§ Directions
Pull out every line below containing the word "only".

══ Dataset excerpts

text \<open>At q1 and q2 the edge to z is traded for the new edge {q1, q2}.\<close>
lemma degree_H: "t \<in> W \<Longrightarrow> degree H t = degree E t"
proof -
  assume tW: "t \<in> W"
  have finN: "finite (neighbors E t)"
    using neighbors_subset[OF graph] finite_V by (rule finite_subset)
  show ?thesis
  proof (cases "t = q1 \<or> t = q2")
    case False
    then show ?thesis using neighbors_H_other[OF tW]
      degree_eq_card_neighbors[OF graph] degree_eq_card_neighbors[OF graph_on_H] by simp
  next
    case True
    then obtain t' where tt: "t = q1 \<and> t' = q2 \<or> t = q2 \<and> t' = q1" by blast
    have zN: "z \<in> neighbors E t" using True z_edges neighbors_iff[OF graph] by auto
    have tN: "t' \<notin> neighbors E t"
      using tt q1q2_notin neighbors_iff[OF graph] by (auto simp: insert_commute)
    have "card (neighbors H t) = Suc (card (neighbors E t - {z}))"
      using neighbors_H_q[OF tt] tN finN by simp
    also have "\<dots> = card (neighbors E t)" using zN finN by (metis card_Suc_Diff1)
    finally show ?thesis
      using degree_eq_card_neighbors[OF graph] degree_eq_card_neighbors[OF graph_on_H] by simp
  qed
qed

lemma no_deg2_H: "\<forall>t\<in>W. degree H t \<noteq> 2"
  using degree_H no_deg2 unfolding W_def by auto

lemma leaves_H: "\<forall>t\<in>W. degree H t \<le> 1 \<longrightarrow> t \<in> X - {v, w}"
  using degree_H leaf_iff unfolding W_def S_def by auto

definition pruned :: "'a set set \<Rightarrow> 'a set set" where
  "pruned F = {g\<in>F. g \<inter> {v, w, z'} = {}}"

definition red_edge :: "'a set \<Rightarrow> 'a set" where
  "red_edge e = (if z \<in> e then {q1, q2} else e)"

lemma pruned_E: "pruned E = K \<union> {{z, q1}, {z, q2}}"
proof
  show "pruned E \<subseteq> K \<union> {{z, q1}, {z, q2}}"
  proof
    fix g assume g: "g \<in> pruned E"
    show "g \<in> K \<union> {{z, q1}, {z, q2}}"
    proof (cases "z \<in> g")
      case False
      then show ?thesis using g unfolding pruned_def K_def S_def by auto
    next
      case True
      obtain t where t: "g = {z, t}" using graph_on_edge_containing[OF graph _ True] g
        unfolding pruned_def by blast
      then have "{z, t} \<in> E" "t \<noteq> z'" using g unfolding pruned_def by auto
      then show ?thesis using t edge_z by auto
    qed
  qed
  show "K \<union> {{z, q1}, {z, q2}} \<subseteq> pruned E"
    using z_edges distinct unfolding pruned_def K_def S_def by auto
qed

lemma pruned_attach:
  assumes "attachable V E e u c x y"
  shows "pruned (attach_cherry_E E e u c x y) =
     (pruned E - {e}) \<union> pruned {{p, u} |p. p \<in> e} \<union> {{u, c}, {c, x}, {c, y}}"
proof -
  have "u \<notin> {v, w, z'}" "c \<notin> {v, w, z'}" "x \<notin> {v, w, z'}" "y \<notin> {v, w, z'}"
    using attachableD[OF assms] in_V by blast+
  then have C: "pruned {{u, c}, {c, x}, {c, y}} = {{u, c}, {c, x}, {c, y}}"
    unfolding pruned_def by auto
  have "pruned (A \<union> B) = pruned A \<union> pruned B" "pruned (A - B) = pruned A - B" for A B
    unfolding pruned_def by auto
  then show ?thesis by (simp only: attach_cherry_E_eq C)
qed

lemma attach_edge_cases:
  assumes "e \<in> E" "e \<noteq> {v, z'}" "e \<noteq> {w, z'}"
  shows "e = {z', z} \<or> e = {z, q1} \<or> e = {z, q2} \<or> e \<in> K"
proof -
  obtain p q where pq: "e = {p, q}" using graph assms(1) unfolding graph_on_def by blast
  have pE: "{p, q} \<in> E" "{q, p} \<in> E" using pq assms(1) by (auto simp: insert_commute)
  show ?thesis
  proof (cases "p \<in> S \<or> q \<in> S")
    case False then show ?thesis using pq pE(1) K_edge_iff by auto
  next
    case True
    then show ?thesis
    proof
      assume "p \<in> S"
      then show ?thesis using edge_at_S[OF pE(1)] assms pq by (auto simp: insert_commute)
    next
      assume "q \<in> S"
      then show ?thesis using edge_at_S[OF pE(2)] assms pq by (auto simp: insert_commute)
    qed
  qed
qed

════
══ Dataset excerpts

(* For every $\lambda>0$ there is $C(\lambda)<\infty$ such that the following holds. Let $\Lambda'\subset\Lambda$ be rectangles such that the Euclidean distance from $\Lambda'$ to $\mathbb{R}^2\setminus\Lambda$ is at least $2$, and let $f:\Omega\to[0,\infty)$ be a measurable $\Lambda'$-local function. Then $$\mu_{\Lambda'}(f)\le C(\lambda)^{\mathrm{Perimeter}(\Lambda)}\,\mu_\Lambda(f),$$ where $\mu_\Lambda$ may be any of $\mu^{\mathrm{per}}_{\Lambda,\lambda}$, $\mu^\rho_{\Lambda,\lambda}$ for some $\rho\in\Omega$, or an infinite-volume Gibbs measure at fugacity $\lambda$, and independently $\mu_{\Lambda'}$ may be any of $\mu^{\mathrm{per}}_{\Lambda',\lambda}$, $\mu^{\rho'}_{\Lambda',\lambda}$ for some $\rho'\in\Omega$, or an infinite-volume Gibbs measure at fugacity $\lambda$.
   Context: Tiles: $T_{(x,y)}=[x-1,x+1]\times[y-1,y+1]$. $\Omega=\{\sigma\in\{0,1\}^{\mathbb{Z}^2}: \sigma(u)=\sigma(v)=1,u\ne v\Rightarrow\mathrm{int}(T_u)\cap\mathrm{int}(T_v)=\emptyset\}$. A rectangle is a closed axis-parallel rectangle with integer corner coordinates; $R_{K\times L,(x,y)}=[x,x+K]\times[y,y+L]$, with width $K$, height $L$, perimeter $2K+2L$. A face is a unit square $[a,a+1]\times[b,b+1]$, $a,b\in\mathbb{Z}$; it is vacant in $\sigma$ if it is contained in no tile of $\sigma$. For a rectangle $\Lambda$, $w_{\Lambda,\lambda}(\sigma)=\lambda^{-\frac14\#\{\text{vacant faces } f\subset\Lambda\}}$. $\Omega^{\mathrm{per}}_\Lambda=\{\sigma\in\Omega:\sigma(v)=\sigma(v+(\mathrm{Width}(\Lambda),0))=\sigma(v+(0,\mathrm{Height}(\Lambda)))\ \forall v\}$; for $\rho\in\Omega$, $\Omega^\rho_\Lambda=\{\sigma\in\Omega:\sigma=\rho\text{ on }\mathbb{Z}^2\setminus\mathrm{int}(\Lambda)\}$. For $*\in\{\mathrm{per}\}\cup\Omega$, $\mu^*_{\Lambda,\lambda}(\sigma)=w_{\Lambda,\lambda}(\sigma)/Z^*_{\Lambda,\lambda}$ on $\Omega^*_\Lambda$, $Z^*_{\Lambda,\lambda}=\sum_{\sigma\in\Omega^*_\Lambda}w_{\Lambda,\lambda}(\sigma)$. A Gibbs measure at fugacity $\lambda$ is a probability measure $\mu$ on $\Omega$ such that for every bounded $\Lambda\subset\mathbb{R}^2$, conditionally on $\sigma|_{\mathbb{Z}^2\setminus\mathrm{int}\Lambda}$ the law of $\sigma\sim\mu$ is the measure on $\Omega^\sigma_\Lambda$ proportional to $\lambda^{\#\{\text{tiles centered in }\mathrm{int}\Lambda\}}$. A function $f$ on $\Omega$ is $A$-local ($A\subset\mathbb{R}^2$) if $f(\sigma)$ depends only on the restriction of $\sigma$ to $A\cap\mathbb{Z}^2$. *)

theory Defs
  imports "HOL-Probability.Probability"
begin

════

§ Response to the task
  then show ?thesis by (simp only: attach_cherry_E_eq C)
   Context: Tiles: $T_{(x,y)}=[x-1,x+1]\times[y-1,y+1]$. $\Omega=\{\sigma\in\{0,1\}^{\mathbb{Z}^2}: \sigma(u)=\sigma(v)=1,u\ne v\Rightarrow\mathrm{int}(T_u)\cap\mathrm{int}(T_v)=\emptyset\}$. A rectangle is a closed axis-parallel rectangle with integer corner coordinates; $R_{K\times L,(x,y)}=[x,x+K]\times[y,y+L]$, with width $K$, height $L$, perimeter $2K+2L$. A face is a unit square $[a,a+1]\times[b,b+1]$, $a,b\in\mathbb{Z}$; it is vacant in $\sigma$ if it is contained in no tile of $\sigma$. For a rectangle $\Lambda$, $w_{\Lambda,\lambda}(\sigma)=\lambda^{-\frac14\#\{\text{vacant faces } f\subset\Lambda\}}$. $\Omega^{\mathrm{per}}_\Lambda=\{\sigma\in\Omega:\sigma(v)=\sigma(v+(\mathrm{Width}(\Lambda),0))=\sigma(v+(0,\mathrm{Height}(\Lambda)))\ \forall v\}$; for $\rho\in\Omega$, $\Omega^\rho_\Lambda=\{\sigma\in\Omega:\sigma=\rho\text{ on }\mathbb{Z}^2\setminus\mathrm{int}(\Lambda)\}$. For $*\in\{\mathrm{per}\}\cup\Omega$, $\mu^*_{\Lambda,\lambda}(\sigma)=w_{\Lambda,\lambda}(\sigma)/Z^*_{\Lambda,\lambda}$ on $\Omega^*_\Lambda$, $Z^*_{\Lambda,\lambda}=\sum_{\sigma\in\Omega^*_\Lambda}w_{\Lambda,\lambda}(\sigma)$. A Gibbs measure at fugacity $\lambda$ is a probability measure $\mu$ on $\Omega$ such that for every bounded $\Lambda\subset\mathbb{R}^2$, conditionally on $\sigma|_{\mathbb{Z}^2\setminus\mathrm{int}\Lambda}$ the law of $\sigma\sim\mu$ is the measure on $\Omega^\sigma_\Lambda$ proportional to $\lambda^{\#\{\text{tiles centered in }\mathrm{int}\Lambda\}}$. A function $f$ on $\Omega$ is $A$-local ($A\subset\mathbb{R}^2$) if $f(\sigma)$ depends only on the restriction of $\sigma$ to $A\cap\mathbb{Z}^2$. *)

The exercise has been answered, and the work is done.